The research presented in this paper is not free from limitations. Firstly, the measures used were based on self-report, which makes it impossible to draw causal conclusions. Longitudinal and experimental studies should be conducted in the future. In our study we assumed that the subjects were healthy, but in further research on cyberchondria it would be advisable to collect information about participants’ health condition. Another interesting research direction would be to identify the motives for seeking health information. For example, it can be investigated whether people seek such information because they mistrust the health care system or whether they start to look for it upon seeing information about a particular disease on the Internet and concluding that their symptoms fit this pattern.

The results of our study show that cyberchondria is negatively related to age. This is probably due to the fact that young people use the Internet more often than older generations. Future research should therefore include variables associated with Internet skills and with access to the Internet. Another point to note is that the present study was conducted before the COVID-19 pandemic. It would be useful to consider similar studies conducted during the increase in morbidity and mortality and after the pandemic (Zheng et al., 2020), especially as recent results suggest that cyberchondria and health anxiety are strongly related to coronavirus anxiety (Jungmann & Witthöft, 2020).

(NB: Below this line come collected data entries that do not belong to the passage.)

context
  fixes P H T
  assumes P: "P \<in> carrier G" and H: "H \<in> carrier G"
    and independent: "\<not> is_square (\<alpha> P)" "\<not> is_square (\<alpha> H)" "\<not> is_square (\<alpha> P * \<alpha> H)"
    and two_torsion: "\<And>X. X \<in> carrier G \<Longrightarrow> X \<otimes> X = \<one> \<Longrightarrow> X = \<one> \<or> X = T"
    and is_square_T: "is_square (\<alpha> T)"
    and T_not_double: "\<And>Y. Y \<in> carrier G \<Longrightarrow> Y \<otimes> Y \<noteq> T"
begin

lemma halve_exponents:
  assumes "is_square (\<alpha> (P [^] (a::int) \<otimes> H [^] (c::int)))"
  obtains a' c' where "a = 2*a'" "c = 2*c'"
  using even_if_is_square[OF P H independent assms] by (auto elim!: evenE)

lemma relation_halves:
  assumes rel: "P [^] (a::int) \<otimes> H [^] (c::int) = \<one>"
  shows "\<exists>a' c'. a = 2*a' \<and> c = 2*c' \<and> P [^] a' \<otimes> H [^] c' = \<one>"
proof -
  obtain a' c' where ac: "a = 2*a'" "c = 2*c'"
    by (rule halve_exponents[of a c]) (simp add: rel is_square_one)
  define X where "X = P [^] a' \<otimes> H [^] c'"
  have "X \<in> carrier G" unfolding X_def using P H by simp
  moreover have "X \<otimes> X = \<one>"
    unfolding X_def int_pow_mult_self[OF P H] ac(1,2)[symmetric] by (rule rel)
  ultimately have "X = \<one> \<or> X = T" by (rule two_torsion)
  moreover have "X \<noteq> T"
  proof
    assume "X = T"
    obtain a'' c'' where "a' = 2*a''" "c' = 2*c''"
      by (rule halve_exponents[of a' c']) (use is_square_T \<open>X = T\<close> X_def in simp)
    then have "(P [^] a'' \<otimes> H [^] c'') \<otimes> (P [^] a'' \<otimes> H [^] c'') = T"
      unfolding int_pow_mult_self[OF P H] \<open>X = T\<close>[symmetric] X_def by simp
    with T_not_double[of "P [^] a'' \<otimes> H [^] c''"] P H show False by simp
  qed
  ultimately have "P [^] a' \<otimes> H [^] c' = \<one>" unfolding X_def by blast
  with ac show ?thesis by blast
qed

theorem independent_by_descent:
  assumes "P [^] (a::int) \<otimes> H [^] (c::int) = \<one>"
  shows "a = 0 \<and> c = 0"
proof -
  have "2^n dvd a \<and> 2^n dvd c" if "P [^] a \<otimes> H [^] c = \<one>" for n and a c :: int
    using that
  proof (induction n arbitrary: a c)
    case (Suc n)
    then obtain a' c' where "a = 2*a'" "c = 2*c'" "P [^] a' \<otimes> H [^] c' = \<one>"
      using relation_halves by blast
    with Suc.IH[of a' c'] show ?case by (simp add: mult_dvd_mono)
  qed simp
  then show ?thesis using assms eq_0_if_all_powers_of_2_dvd by blast
qed

end

end

section \<open>2-descent on a curve with a rational 2-torsion point\<close>

locale weierstrass_2torsion = weierstrass_curve +
  fixes e0 :: 'a
  assumes root: "e0^3 + A*e0 + B = 0"
begin

lemma derivative_at_root_nonzero: "3*e0^2 + A \<noteq> 0"
proof
  assume "3*e0^2 + A = 0"
  with root have "4*A^3 + 27*B^2 = 0" by algebra
  with nonsingular show False by (simp add: nonsingular_def)
qed

text \<open>The 2-descent map for \<open>T = (e0, 0)\<close>: \<open>x - e0\<close>, read modulo squares, except at \<open>T\<close>
  itself, which goes to \<open>f'(e0) = 3 e0^2 + A\<close>, the product of its differences to the other roots.\<close>

definition descent_x :: "'a \<Rightarrow> 'a" where
  "descent_x x = (if x = e0 then 3*e0^2 + A else x - e0)"

definition descent_map :: "('a \<times> 'a) option \<Rightarrow> 'a" where
  "descent_map P = (case P of None \<Rightarrow> 1 | Some (x, _) \<Rightarrow> descent_x x)"

lemma descent_x_nonzero: "descent_x x \<noteq> 0"
  using derivative_at_root_nonzero by (simp add: descent_x_def)

lemma descent_map_nonzero: "descent_map P \<noteq> 0"
  using descent_x_nonzero by (simp add: descent_map_def split: option.split)

lemma line_meets_not_tangent_at_root: "\<not> line_meets A B L n e0 e0 x"
proof
  assume meets: "line_meets A B L n e0 e0 x"
  have "(L*e0 + n)^2 = 0" using line_meets_on_curve(1)[OF meets] root by simp
  then have "4*A^3 + 27*B^2 = 0" using line_meets_tangent_on_x_axis_singular[OF meets] by simp
  with nonsingular show False by (simp add: nonsingular_def)
qed

lemma line_meets_through_root:
  assumes "line_meets A B L n x1 x2 e0"
  shows "(x1 - e0) * (x2 - e0) = 3*e0^2 + A"
proof -
  have "(L*e0 + n)^2 = 0" using line_meets_on_curve(3)[OF assms] root by simp
  then have "n = -L*e0" by (simp add: algebra_simps add_eq_0_iff2)
  with assms root show ?thesis unfolding line_meets_def by algebra
qed

lemma is_square_descent_x_line_meets:
  assumes meets: "line_meets A B L n x1 x2 x3"
  shows "is_square (descent_x x1 * descent_x x2 * descent_x x3)"
proof -
  have off_root: "is_square (descent_x y1 * descent_x y2 * descent_x y3)"
    if meets: "line_meets A B L n y1 y2 y3" and "y1 \<noteq> e0" "y2 \<noteq> e0" for y1 y2 y3
  proof (cases "y3 = e0")
    case True
    then have "descent_x y1 * descent_x y2 * descent_x y3 = (3*e0^2 + A)^2"
      using line_meets_through_root[of L n y1 y2] meets that(2,3)
      by (simp add: descent_x_def power2_eq_square)
    then show ?thesis by (simp add: is_nth_powerI)
  next
    case False
    have "(y1 - e0) * (y2 - e0) * (y3 - e0) = (L*e0 + n)^2"
      using meets root unfolding line_meets_def by algebra
    with False that(2,3) show ?thesis by (simp add: descent_x_def is_nth_powerI)
  qed
  consider "x1 \<noteq> e0" "x2 \<noteq> e0" | "x1 = e0" "x2 \<noteq> e0" "x3 \<noteq> e0"
    | "x2 = e0" "x1 \<noteq> e0" "x3 \<noteq> e0"
    using line_meets_not_tangent_at_root line_meets_swap meets by metis
  then show ?thesis
  proof cases
    case 1
    then show ?thesis using off_root[OF meets] by blast
  next
    case 2
    have "line_meets A B L n x2 x3 x1" using meets line_meets_swap by blast
    with 2 have "is_square (descent_x x2 * descent_x x3 * descent_x x1)" using off_root by blast
    then show ?thesis by (simp add: mult_ac)
  next
    case 3
    have "line_meets A B L n x1 x3 x2" using meets line_meets_swap by blast
    with 3 have "is_square (descent_x x1 * descent_x x3 * descent_x x2)" using off_root by blast
    then show ?thesis by (simp add: mult_ac)
  qed
qed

The presented research results may inspire further explorations into cyberchondria. An interesting direction for future study would be to identify the motives for seeking health information on the Internet. Researchers may want to determine if such behavior is caused by poor medical care, a fear of visiting the doctor, the experience of illness in the family, or information found online.

Conclusions

The topic of cyberchondria seems to be an important one to investigate because Internet forums provide not only verified materials, reliably reflecting the current state of knowledge, but also inaccurate or misleading entries and comments posted by non-specialists. There are, naturally, plenty of reliable and at the same time accessible texts on the Internet, but these often prove to be difficult to distinguish from non-credible sources.

In some individuals, constant thinking about health can cause not only concern for their own and their family's health and living conditions but also automatic thoughts related to anxiety and worry. This phenomenon has been termed habitual anxious worrying (Papageorgiou, 2006). Paradoxically, anxious worrying can also affect patients who work intensively with medical staff and who have significantly greater knowledge about their condition than average individuals. The presented results show that emotional functioning variables—namely, pessimism and difficulties in emotion regulation—play an important role in the relationship between health anxiety and cyberchondria.